Stored data
lemma multLagrangian_solution:
  assumes "multLagrangian q \<gamma> \<delta> eps k"
  shows "Linf q \<gamma> \<delta> eps k = 0 \<and>
    What q \<gamma> \<delta> eps k = {(\<lambda>_. 0)} \<and> Wcirc q \<gamma> \<delta> eps k = {(\<lambda>_. 0)} \<and>
    W1 q \<gamma> \<delta> eps k = {(\<lambda>_. 0)} \<and>
    (\<gamma> q < 0 \<longrightarrow> Wq q \<gamma> \<delta> eps k = {(\<lambda>_. 0)})"
proof -
  have eps: "eps = 0" and k: "k = 0" and delta: "\<forall>i\<in>{1..q}. \<delta> i = 0"
    using assms by (auto simp: multLagrangian_def)
  have zero_V: "(\<lambda>_. 0) \<in> Vsp q eps" by (simp add: Vsp_iff)
  have zero_Wlam: "(\<lambda>_. 0) \<in> Wlam q \<gamma> \<delta> eps k l" for l
    using zero_V eps k delta by (simp add: Wlam_iff Qf_eq)
  have w0v: "w0v q \<delta> = (\<lambda>_. 0)" using delta by (auto simp: w0v_def)
  have Linf: "Linf q \<gamma> \<delta> eps k = 0"
    using Wlam_minimisers_LamSet(1)[OF inverse_gamma_1_in_LamSet zero_Wlam]
      Lf_eq_0_iff[OF zero_V] w0v by simp
  have What: "What q \<gamma> \<delta> eps k = {(\<lambda>_. 0)}"
  proof (intro equalityI subsetI)
    fix w :: "nat \<Rightarrow> real" assume "w \<in> What q \<gamma> \<delta> eps k"
    then have "w \<in> Vsp q eps" "Lf q \<delta> eps w = 0" using Linf by (auto simp: What_def Wset_def)
    then show "w \<in> {\<lambda>_. 0}" using Lf_eq_0_iff w0v by simp
  next
    fix w :: "nat \<Rightarrow> real" assume "w \<in> {\<lambda>_. 0}"
    then show "w \<in> What q \<gamma> \<delta> eps k"
      using zero_Wlam[of 0] Linf Lf_eq_0_iff[OF zero_V] w0v by (auto simp: What_def Wlam_def)
  qed
  have Wlam: "Wlam q \<gamma> \<delta> eps k l = What q \<gamma> \<delta> eps k" if "l \<in> LamSet q \<gamma>" for l
    using Wlam_eq_What[OF that] zero_Wlam by blast
  have "Wcirc q \<gamma> \<delta> eps k \<noteq> {}"
    using zero_Wlam zero_in_interior_LamSet by (auto simp: Wcirc_def)
  then show ?thesis
    using Linf What Wcirc_eq_What Wlam[OF inverse_gamma_1_in_LamSet] Wlam[OF inverse_gamma_q_in_LamSet]
    by (simp add: W1_def Wq_def)
qed

end

theorem theorem8p1:
  fixes q :: nat and \<gamma> \<delta> :: "nat \<Rightarrow> real" and k eps :: real
  assumes q: "q \<ge> 1"
    and dec: "\<forall>i j. 1 \<le> i \<longrightarrow> i < j \<longrightarrow> j \<le> q \<longrightarrow> \<gamma> j < \<gamma> i"
    and nz: "\<forall>i\<in>{1..q}. \<gamma> i \<noteq> 0"
    and g1: "\<gamma> 1 > 0"
    and dpos: "\<forall>i\<in>{1..q}. \<delta> i \<ge> 0"
    and epos: "eps \<ge> 0"
    and Wne: "Wset q \<gamma> eps k \<noteq> {}"
  shows
   "(nonLagrangian q \<gamma> \<delta> eps k \<longrightarrow>
       Wcirc q \<gamma> \<delta> eps k = {} \<and> W1 q \<gamma> \<delta> eps k = {} \<and>
       Wset q \<gamma> eps k = {(\<lambda>_. 0)} \<and>
       Linf q \<gamma> \<delta> eps k = (\<Sum>i=1..q. inverse ((\<gamma> i)^2) * (lc \<gamma> \<delta> eps i)^2) \<and>
       Linf q \<gamma> \<delta> eps k > 0 \<and>
       What q \<gamma> \<delta> eps k = {(\<lambda>_. 0)})
  \<and> (multLagrangian q \<gamma> \<delta> eps k \<longrightarrow>
       Linf q \<gamma> \<delta> eps k = 0 \<and>
       What q \<gamma> \<delta> eps k = {(\<lambda>_. 0)} \<and> Wcirc q \<gamma> \<delta> eps k = {(\<lambda>_. 0)} \<and>
       W1 q \<gamma> \<delta> eps k = {(\<lambda>_. 0)} \<and>
       (\<gamma> q < 0 \<longrightarrow> Wq q \<gamma> \<delta> eps k = {(\<lambda>_. 0)}))
  \<and> (singLagrangian q \<gamma> \<delta> eps k \<longrightarrow>
       (let C = (if \<gamma> q < 0 then {Wcirc q \<gamma> \<delta> eps k, W1 q \<gamma> \<delta> eps k, Wq q \<gamma> \<delta> eps k}
                 else {Wcirc q \<gamma> \<delta> eps k, W1 q \<gamma> \<delta> eps k})
        in What q \<gamma> \<delta> eps k \<in> C \<and> What q \<gamma> \<delta> eps k \<noteq> {} \<and>
           (\<forall>X\<in>C. X \<noteq> {} \<longrightarrow> X = What q \<gamma> \<delta> eps k))
     \<and> (\<gamma> q > 0 \<longrightarrow>
          finf q \<gamma> \<delta> eps k < 0 \<and>
          (fsup q \<gamma> \<delta> eps k > 0 \<longrightarrow> What q \<gamma> \<delta> eps k = Wcirc q \<gamma> \<delta> eps k) \<and>
          (fsup q \<gamma> \<delta> eps k \<le> 0 \<longrightarrow> What q \<gamma> \<delta> eps k = W1 q \<gamma> \<delta> eps k))
     \<and> (\<gamma> q < 0 \<longrightarrow>
          (finf q \<gamma> \<delta> eps k < 0 \<and> 0 < fsup q \<gamma> \<delta> eps k \<longrightarrow>
              What q \<gamma> \<delta> eps k = Wcirc q \<gamma> \<delta> eps k) \<and>
          (fsup q \<gamma> \<delta> eps k \<le> 0 \<longrightarrow> What q \<gamma> \<delta> eps k = W1 q \<gamma> \<delta> eps k) \<and>
          (finf q \<gamma> \<delta> eps k \<ge> 0 \<longrightarrow> What q \<gamma> \<delta> eps k = Wq q \<gamma> \<delta> eps k))
     \<and> (What q \<gamma> \<delta> eps k = Wcirc q \<gamma> \<delta> eps k \<longrightarrow>
          (\<exists>!lam. lam \<in> interior (LamSet q \<gamma>) \<and> ff q \<gamma> \<delta> eps k lam = 0) \<and>
          (\<forall>lam\<in>interior (LamSet q \<gamma>). ff q \<gamma> \<delta> eps k lam = 0 \<longrightarrow>
             Linf q \<gamma> \<delta> eps k = lam^2 * ((lc \<gamma> \<delta> eps 0)^2 +
                 (\<Sum>i=1..q. inverse ((1 - lam * \<gamma> i)^2) * (lc \<gamma> \<delta> eps i)^2)) \<and>
             What q \<gamma> \<delta> eps k = {wlam q \<gamma> \<delta> eps lam}))
     \<and> (What q \<gamma> \<delta> eps k = W1 q \<gamma> \<delta> eps k \<longrightarrow>
          (let \<zeta> = sqrt (- f1 q \<gamma> \<delta> eps k / \<gamma> 1) in
             \<zeta> \<ge> 0 \<and>
             Linf q \<gamma> \<delta> eps k = inverse ((\<gamma> 1)^2) * ((lc \<gamma> \<delta> eps 0)^2 +
                 (\<Sum>i=2..q. inverse ((1 - \<gamma> i / \<gamma> 1)^2) * (lc \<gamma> \<delta> eps i)^2)) + \<zeta>^2 \<and>
             What q \<gamma> \<delta> eps k = {pt1 q \<gamma> \<delta> eps \<zeta>, pt1 q \<gamma> \<delta> eps (- \<zeta>)}))
     \<and> (\<gamma> q < 0 \<and> What q \<gamma> \<delta> eps k = Wq q \<gamma> \<delta> eps k \<longrightarrow>
          (let \<zeta> = sqrt (fq q \<gamma> \<delta> eps k / (- \<gamma> q)) in
             \<zeta> \<ge> 0 \<and>
             Linf q \<gamma> \<delta> eps k = inverse ((\<gamma> q)^2) * ((lc \<gamma> \<delta> eps 0)^2 +
                 (\<Sum>i=1..q-1. inverse ((1 - \<gamma> i / \<gamma> q)^2) * (lc \<gamma> \<delta> eps i)^2)) + \<zeta>^2 \<and>
             What q \<gamma> \<delta> eps k = {ptq q \<gamma> \<delta> eps \<zeta>, ptq q \<gamma> \<delta> eps (- \<zeta>)})))"
proof -
  interpret canonical_form q \<gamma> \<delta> k eps using q dec nz g1 by unfold_locales
  have sing: "What q \<gamma> \<delta> eps k \<noteq> {}" "\<not> nonLagrangian q \<gamma> \<delta> eps k" "\<not> multLagrangian q \<gamma> \<delta> eps k"
    if "singLagrangian q \<gamma> \<delta> eps k"
    using singLagrangian_What[OF that Wne] that by (auto simp: Let_def singLagrangian_def)
  show ?thesis
    apply (rule conjI[OF impI conjI[OF impI impI]])
      apply (fact nonLagrangian_solution)
     apply (fact multLagrangian_solution)
    subgoal premises s
      apply (intro conjI)
      subgoal by (rule singLagrangian_What[OF s Wne])
      subgoal using gamma_q_pos_cases[OF _ Wne sing(2,3)[OF s]] by blast
      subgoal using gamma_q_neg_cases by simp
      subgoal using Wcirc_solution[OF sing(3)[OF s] _ sing(1)[OF s]] by blast
      subgoal using W1_solution[OF _ sing(1)[OF s]] by blast
      subgoal using Wq_solution[OF _ _ sing(1)[OF s]] by blast
      done
    done
qed

end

**Prompt:** For the string "rule", search the preceding data and copy every line that includes it.

**Response to the exercise:**
    apply (rule conjI[OF impI conjI[OF impI impI]])
      subgoal by (rule singLagrangian_What[OF s Wne])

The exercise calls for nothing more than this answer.